(* Let $H$ be a finite group of odd order such that $d(\mathbb{Z}_2\times H)=2$. Then $\mathsf{GEN}(\mathbb{Z}_2\times H)=*0$.
   Context: For a finite group $G$, $\mathsf{GEN}(G)$ is the following impartial two-player game. A position is a set of elements selected so far; the starting position is $\emptyset$. From a position $P$ with $\langle P\rangle\neq G$, the player to move selects some $g\in G\setminus P$, producing the position $P\cup\{g\}$ (these are the options of $P$); a position $P$ with $\langle P\rangle = G$ has no options. The nim-number of a position is defined recursively by $\operatorname{nim}(P)=\operatorname{mex}\{\operatorname{nim}(Q): Q \text{ an option of } P\}$, where $\operatorname{mex}(A)$ is the least nonnegative integer not in $A$. We write $\mathsf{GEN}(G)=*n$ if $\operatorname{nim}(\emptyset)=n$. $d(G)$ denotes the minimum size of a generating set of $G$; $\mathbb{Z}_2$ is the cyclic group of order $2$. *)

theory Defs
  imports "HOL-Algebra.Algebra"
begin

definition mex :: "nat set \<Rightarrow> nat" where
  "mex A = (LEAST n. n \<notin> A)"

text \<open>A position P (a subset of the carrier) with generate G P = carrier G has no options;
  otherwise the options are P \<union> {g} for g in carrier G - P.
  Outside the meaningful domain (infinite carrier, P not a subset of the carrier)
  the value is the junk value 0.\<close>
function gen_nim :: "('a, 'b) monoid_scheme \<Rightarrow> 'a set \<Rightarrow> nat" where
  "gen_nim G P =
     (if finite (carrier G) \<and> P \<subseteq> carrier G \<and> generate G P \<noteq> carrier G
      then mex ((\<lambda>g. gen_nim G (insert g P)) ` (carrier G - P))
      else 0)"
  by auto
termination
proof (relation "measure (\<lambda>(G, P). card (carrier G - P))", simp)
  fix G :: "('a, 'b) monoid_scheme" and P x
  assume h: "finite (carrier G) \<and> P \<subseteq> carrier G \<and> generate G P \<noteq> carrier G"
    and x: "x \<in> carrier G - P"
  have "carrier G - insert x P \<subset> carrier G - P" using x by auto
  then have "card (carrier G - insert x P) < card (carrier G - P)"
    using h by (simp add: psubset_card_mono)
  then show "((G, insert x P), G, P) \<in> measure (\<lambda>(G, P). card (carrier G - P))"
    by simp
qed

text \<open>GEN(G) = *n iff the nim-number of the empty position is n.\<close>
definition GEN_value :: "('a, 'b) monoid_scheme \<Rightarrow> nat" where
  "GEN_value G = gen_nim G {}"

definition min_gen_size :: "('a, 'b) monoid_scheme \<Rightarrow> nat" where
  "min_gen_size G =
     (LEAST n. \<exists>S. S \<subseteq> carrier G \<and> finite S \<and> card S = n \<and> generate G S = carrier G)"

end

theory Submission
  imports Defs
begin

text \<open>Write \<open>G = \<int>\<^sub>2 \<times> H\<close> and \<open>t = (1, 1)\<close>. Pairing each element \<open>x\<close> with \<open>x t\<close> gives the second
  player a strategy: answer every move \<open>x\<close> by \<open>x t\<close>, unless the first player's move can be
  completed to a generating set at once. Since \<open>|H|\<close> is odd, \<open>t\<close> is a power of every element
  \<open>(1, h)\<close>, so adding \<open>t\<close> to a set never helps generate \<open>G\<close> beyond replacing one element
  \<open>y\<close> by \<open>y t\<close>. Hence after each answer no single further move generates \<open>G\<close>, the first
  player never gets to make the last move, and because \<open>d(G) = 2\<close> this invariant already
  holds at the empty position.\<close>

declare gen_nim.simps [simp del]

lemma mex_eq_0_iff:
  assumes "finite A"
  shows "mex A = 0 \<longleftrightarrow> 0 \<notin> A"
proof
  assume "mex A = 0"
  obtain n :: nat where "n \<notin> A"
    using assms ex_new_if_finite infinite_UNIV_nat by blast
  then have "(LEAST n. n \<notin> A) \<notin> A" by (rule LeastI)
  then show "0 \<notin> A" using \<open>mex A = 0\<close> unfolding mex_def by simp
next
  assume "0 \<notin> A"
  then show "mex A = 0" unfolding mex_def by (rule Least_eq_0)
qed

lemma gen_nim_generating:
  assumes "generate G P = carrier G"
  shows "gen_nim G P = 0"
  using assms by (subst gen_nim.simps) simp

lemma gen_nim_eq_0_iff:
  assumes "finite (carrier G)" "P \<subseteq> carrier G" "generate G P \<noteq> carrier G"
  shows "gen_nim G P = 0 \<longleftrightarrow> (\<forall>g\<in>carrier G - P. gen_nim G (insert g P) \<noteq> 0)"
proof -
  let ?A = "(\<lambda>g. gen_nim G (insert g P)) ` (carrier G - P)"
  have "gen_nim G P = mex ?A"
    using assms by (subst gen_nim.simps) simp
  moreover have "finite ?A" using assms(1) by blast
  ultimately have "gen_nim G P = 0 \<longleftrightarrow> 0 \<notin> ?A" by (simp add: mex_eq_0_iff)
  then show ?thesis by (metis (no_types, lifting) image_iff)
qed

lemma min_gen_size_le_card:
  assumes "S \<subseteq> carrier G" "finite S" "generate G S = carrier G"
  shows "min_gen_size G \<le> card S"
  unfolding min_gen_size_def using assms by (intro Least_le) blast

lemma (in group) generate_eq_carrier_if_subset_generate:
  assumes "B \<subseteq> carrier G" "A \<subseteq> generate G B" "generate G A = carrier G"
  shows "generate G B = carrier G"
  using generate_subgroup_incl[OF assms(2) generate_is_subgroup[OF assms(1)]]
    generate_incl[OF assms(1)] assms(3)
  by blast

text \<open>The hypothesis \<open>completion\<close> says that answering \<open>x\<close> by \<open>\<sigma> x\<close> never creates a one-move win
  that was not already available after \<open>x\<close>.\<close>

lemma (in group) gen_nim_eq_0_if_pairing:
  assumes fin: "finite (carrier G)"
    and \<sigma>_closed: "\<And>x. x \<in> carrier G \<Longrightarrow> \<sigma> x \<in> carrier G"
    and \<sigma>_involution: "\<And>x. x \<in> carrier G \<Longrightarrow> \<sigma> (\<sigma> x) = x"
    and \<sigma>_no_fixpoint: "\<And>x. x \<in> carrier G \<Longrightarrow> \<sigma> x \<noteq> x"
    and completion: "\<And>Q x y. \<lbrakk>Q \<subseteq> carrier G; x \<in> carrier G; y \<in> carrier G;
        generate G (insert y (insert (\<sigma> x) (insert x Q))) = carrier G\<rbrakk>
        \<Longrightarrow> \<exists>z\<in>{y, \<sigma> y}. generate G (insert z (insert x Q)) = carrier G"
    and "P \<subseteq> carrier G" "\<And>x. x \<in> P \<Longrightarrow> \<sigma> x \<in> P"
    and "\<And>y. y \<in> carrier G \<Longrightarrow> generate G (insert y P) \<noteq> carrier G"
  shows "gen_nim G P = 0"
  using assms(6-)
proof (induction "card (carrier G - P)" arbitrary: P rule: less_induct)
  case less
  have P_not_generating: "generate G P \<noteq> carrier G"
    using less.prems(3)[OF one_closed] mono_generate[of P "insert \<one> P"]
      generate_incl[of "insert \<one> P"] less.prems(1)
    by blast
  show ?case
  proof (subst gen_nim_eq_0_iff[OF fin less.prems(1) P_not_generating], intro ballI)
    fix x assume x: "x \<in> carrier G - P"
    define D where "D = insert x P"
    have D: "D \<subseteq> carrier G" "generate G D \<noteq> carrier G"
      using x less.prems(1,3) by (auto simp: D_def)
    have "\<exists>g\<in>carrier G - D. gen_nim G (insert g D) = 0"
    proof (cases "\<exists>z\<in>carrier G. generate G (insert z D) = carrier G")
      case True
      then obtain z where z: "z \<in> carrier G" "generate G (insert z D) = carrier G" by blast
      have "z \<notin> D" using z(2) D(2) by (metis insert_absorb)
      moreover have "gen_nim G (insert z D) = 0" using z(2) by (rule gen_nim_generating)
      ultimately show ?thesis using z(1) by blast
    next
      case no_win: False
      have "\<sigma> x \<notin> P"
      proof
        assume "\<sigma> x \<in> P"
        then have "\<sigma> (\<sigma> x) \<in> P" by (rule less.prems(2))
        with x \<sigma>_involution show False by simp
      qed
      then have \<sigma>x: "\<sigma> x \<in> carrier G - D"
        using x \<sigma>_closed \<sigma>_no_fixpoint by (simp add: D_def)
      have "gen_nim G (insert (\<sigma> x) D) = 0"
      proof (rule less.hyps)
        have "carrier G - insert (\<sigma> x) D \<subset> carrier G - P"
          using x by (auto simp: D_def)
        then show "card (carrier G - insert (\<sigma> x) D) < card (carrier G - P)"
          using fin by (simp add: psubset_card_mono)
        show "insert (\<sigma> x) D \<subseteq> carrier G" using \<sigma>x D(1) by blast
        show "\<sigma> w \<in> insert (\<sigma> x) D" if "w \<in> insert (\<sigma> x) D" for w
          using that x less.prems(2) \<sigma>_involution by (auto simp: D_def)
        show "generate G (insert y (insert (\<sigma> x) D)) \<noteq> carrier G" if y: "y \<in> carrier G" for y
        proof
          assume "generate G (insert y (insert (\<sigma> x) D)) = carrier G"
          then obtain z where "z \<in> {y, \<sigma> y}" "generate G (insert z D) = carrier G"
            using completion[OF less.prems(1) _ y, of x] x by (auto simp: D_def)
          with no_win y \<sigma>_closed show False by blast
        qed
      qed
      then show ?thesis using \<sigma>x by blast
    qed
    then show "gen_nim G (insert x P) \<noteq> 0"
      unfolding D_def[symmetric] gen_nim_eq_0_iff[OF fin D] by blast
  qed
qed

lemma DirProd_nat_pow:
  "(a, b) [^]\<^bsub>G \<times>\<times> H\<^esub> (n::nat) = (a [^]\<^bsub>G\<^esub> n, b [^]\<^bsub>H\<^esub> n)"
  by (induction n) simp_all

lemma carrier_integer_mod_group_2 [simp]: "carrier (integer_mod_group 2) = {0, 1}"
  by (auto simp: carrier_integer_mod_group)

locale Z2_times_odd_group =
  fixes H :: "('a, 'b) monoid_scheme"
  assumes group_H: "group H" and finite_H: "finite (carrier H)" and odd_order_H: "odd (order H)"
begin

abbreviation "G \<equiv> integer_mod_group 2 \<times>\<times> H"
abbreviation "t \<equiv> ((1::int), \<one>\<^bsub>H\<^esub>)"

sublocale H: group H
  by (rule group_H)

sublocale G: group G
  by (rule DirProd_group[OF group_integer_mod_group group_H])

lemma finite_carrier_G: "finite (carrier G)"
  using finite_H by simp

lemma t_closed: "t \<in> carrier G"
  by simp

lemma mult_t: "x \<in> carrier G \<Longrightarrow> x \<otimes>\<^bsub>G\<^esub> t = ((fst x + 1) mod 2, snd x)"
  by auto

lemma mult_t_closed: "x \<in> carrier G \<Longrightarrow> x \<otimes>\<^bsub>G\<^esub> t \<in> carrier G"
  by (auto simp: mult_t)

lemma mult_t_t: "x \<in> carrier G \<Longrightarrow> x \<otimes>\<^bsub>G\<^esub> t \<otimes>\<^bsub>G\<^esub> t = x"
  by (auto simp: mult_t mult_t_closed)

lemma mult_t_neq: "x \<in> carrier G \<Longrightarrow> x \<otimes>\<^bsub>G\<^esub> t \<noteq> x"
  by (auto simp: mult_t)

lemma nat_pow_order_eq_t:
  assumes "(1, h) \<in> carrier G"
  shows "(1, h) [^]\<^bsub>G\<^esub> order H = t"
proof -
  have "h [^]\<^bsub>H\<^esub> order H = \<one>\<^bsub>H\<^esub>"
    using assms H.pow_order_eq_1 by simp
  moreover have "(int (order H) * 1) mod 2 = 1"
    using odd_order_H by presburger
  ultimately show ?thesis by (simp add: DirProd_nat_pow)
qed

lemma generate_eq_carrier_drop_t:
  assumes "E \<subseteq> carrier G" "e \<in> E" "fst e = 1" "generate G (insert t E) = carrier G"
  shows "generate G E = carrier G"
proof -
  obtain h where e: "e = (1, h)" using assms(3) by (cases e) auto
  have "e [^]\<^bsub>G\<^esub> int (order H) \<in> generate G E"
    by (rule G.subgroup_int_pow_closed[OF G.generate_is_subgroup[OF assms(1)] generate.incl[OF assms(2)]])
  moreover have "e [^]\<^bsub>G\<^esub> int (order H) = t"
    using assms(1,2) nat_pow_order_eq_t by (auto simp: e int_pow_int)
  ultimately have "insert t E \<subseteq> generate G E" by (auto intro: generate.incl)
  then show ?thesis
    by (rule G.generate_eq_carrier_if_subset_generate[OF assms(1) _ assms(4)])
qed

lemma generate_eq_carrier_replace_t:
  assumes "D \<subseteq> carrier G" "y \<in> carrier G" "generate G (insert t (insert y D)) = carrier G"
  shows "\<exists>z\<in>{y, y \<otimes>\<^bsub>G\<^esub> t}. generate G (insert z D) = carrier G"
proof (cases "\<exists>e\<in>insert y D. fst e = 1")
  case True
  then obtain e where "e \<in> insert y D" "fst e = 1" by blast
  moreover have "insert y D \<subseteq> carrier G" using assms(1,2) by blast
  ultimately have "generate G (insert y D) = carrier G"
    using generate_eq_carrier_drop_t assms(3) by blast
  then show ?thesis by blast
next
  case False
  define z where "z = y \<otimes>\<^bsub>G\<^esub> t"
  have z: "z \<in> carrier G" "fst z = 1"
    using False assms(2) by (auto simp: z_def mult_t)
  have "z \<otimes>\<^bsub>G\<^esub> t \<in> generate G (insert t (insert z D))"
    by (intro generate.eng generate.incl) auto
  then have "y \<in> generate G (insert t (insert z D))"
    using mult_t_t[OF assms(2)] by (simp add: z_def)
  then have "insert t (insert y D) \<subseteq> generate G (insert t (insert z D))"
    by (auto intro: generate.incl)
  moreover have "insert t (insert z D) \<subseteq> carrier G"
    using assms(1) z(1) t_closed by blast
  ultimately have "generate G (insert t (insert z D)) = carrier G"
    using G.generate_eq_carrier_if_subset_generate assms(3) by blast
  then have "generate G (insert z D) = carrier G"
    using generate_eq_carrier_drop_t[of "insert z D" z] assms(1) z by blast
  then show ?thesis by (simp add: z_def)
qed

lemma gen_nim_eq_0_if_closed_under_t:
  assumes "P \<subseteq> carrier G" "\<And>x. x \<in> P \<Longrightarrow> x \<otimes>\<^bsub>G\<^esub> t \<in> P"
    and "\<And>y. y \<in> carrier G \<Longrightarrow> generate G (insert y P) \<noteq> carrier G"
  shows "gen_nim G P = 0"
proof (rule G.gen_nim_eq_0_if_pairing[where \<sigma> = "\<lambda>x. x \<otimes>\<^bsub>G\<^esub> t"])
  fix Q x y
  assume Q: "Q \<subseteq> carrier G" and x: "x \<in> carrier G" and y: "y \<in> carrier G"
    and gen: "generate G (insert y (insert (x \<otimes>\<^bsub>G\<^esub> t) (insert x Q))) = carrier G"
  let ?S = "insert t (insert y (insert x Q))"
  have "x \<otimes>\<^bsub>G\<^esub> t \<in> generate G ?S"
    by (intro generate.eng generate.incl) auto
  then have "insert y (insert (x \<otimes>\<^bsub>G\<^esub> t) (insert x Q)) \<subseteq> generate G ?S"
    by (auto intro: generate.incl)
  then have "generate G ?S = carrier G"
    using Q x y by (intro G.generate_eq_carrier_if_subset_generate[OF _ _ gen]) auto
  then show "\<exists>z\<in>{y, y \<otimes>\<^bsub>G\<^esub> t}. generate G (insert z (insert x Q)) = carrier G"
    using Q x y by (intro generate_eq_carrier_replace_t) auto
qed (fact finite_carrier_G mult_t_closed mult_t_t mult_t_neq assms)+

end

theorem proposition4p9:
  fixes H :: "('a, 'b) monoid_scheme"
  assumes "group H"
    and "finite (carrier H)"
    and "odd (order H)"
    and "min_gen_size (integer_mod_group 2 \<times>\<times> H) = 2"
  shows "GEN_value (integer_mod_group 2 \<times>\<times> H) = 0"
proof -
  interpret Z2_times_odd_group H
    using assms(1-3) by (rule Z2_times_odd_group.intro)
  have "generate G {y} \<noteq> carrier G" if "y \<in> carrier G" for y
    using min_gen_size_le_card[of "{y}" G] that assms(4) by auto
  then have "gen_nim G {} = 0"
    by (intro gen_nim_eq_0_if_closed_under_t) auto
  then show ?thesis unfolding GEN_value_def .
qed

end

WORK TO BE COMPLETED:
Each line above from the one with "by (rule group_H)" up to and including the one with "assms(1,2) by blast" must be set down exactly, and no line outside that span may appear.

RESPONSE:
  by (rule group_H)

sublocale G: group G
  by (rule DirProd_group[OF group_integer_mod_group group_H])

lemma finite_carrier_G: "finite (carrier G)"
  using finite_H by simp

lemma t_closed: "t \<in> carrier G"
  by simp

lemma mult_t: "x \<in> carrier G \<Longrightarrow> x \<otimes>\<^bsub>G\<^esub> t = ((fst x + 1) mod 2, snd x)"
  by auto

lemma mult_t_closed: "x \<in> carrier G \<Longrightarrow> x \<otimes>\<^bsub>G\<^esub> t \<in> carrier G"
  by (auto simp: mult_t)

lemma mult_t_t: "x \<in> carrier G \<Longrightarrow> x \<otimes>\<^bsub>G\<^esub> t \<otimes>\<^bsub>G\<^esub> t = x"
  by (auto simp: mult_t mult_t_closed)

lemma mult_t_neq: "x \<in> carrier G \<Longrightarrow> x \<otimes>\<^bsub>G\<^esub> t \<noteq> x"
  by (auto simp: mult_t)

lemma nat_pow_order_eq_t:
  assumes "(1, h) \<in> carrier G"
  shows "(1, h) [^]\<^bsub>G\<^esub> order H = t"
proof -
  have "h [^]\<^bsub>H\<^esub> order H = \<one>\<^bsub>H\<^esub>"
    using assms H.pow_order_eq_1 by simp
  moreover have "(int (order H) * 1) mod 2 = 1"
    using odd_order_H by presburger
  ultimately show ?thesis by (simp add: DirProd_nat_pow)
qed

lemma generate_eq_carrier_drop_t:
  assumes "E \<subseteq> carrier G" "e \<in> E" "fst e = 1" "generate G (insert t E) = carrier G"
  shows "generate G E = carrier G"
proof -
  obtain h where e: "e = (1, h)" using assms(3) by (cases e) auto
  have "e [^]\<^bsub>G\<^esub> int (order H) \<in> generate G E"
    by (rule G.subgroup_int_pow_closed[OF G.generate_is_subgroup[OF assms(1)] generate.incl[OF assms(2)]])
  moreover have "e [^]\<^bsub>G\<^esub> int (order H) = t"
    using assms(1,2) nat_pow_order_eq_t by (auto simp: e int_pow_int)
  ultimately have "insert t E \<subseteq> generate G E" by (auto intro: generate.incl)
  then show ?thesis
    by (rule G.generate_eq_carrier_if_subset_generate[OF assms(1) _ assms(4)])
qed

lemma generate_eq_carrier_replace_t:
  assumes "D \<subseteq> carrier G" "y \<in> carrier G" "generate G (insert t (insert y D)) = carrier G"
  shows "\<exists>z\<in>{y, y \<otimes>\<^bsub>G\<^esub> t}. generate G (insert z D) = carrier G"
proof (cases "\<exists>e\<in>insert y D. fst e = 1")
  case True
  then obtain e where "e \<in> insert y D" "fst e = 1" by blast
  moreover have "insert y D \<subseteq> carrier G" using assms(1,2) by blast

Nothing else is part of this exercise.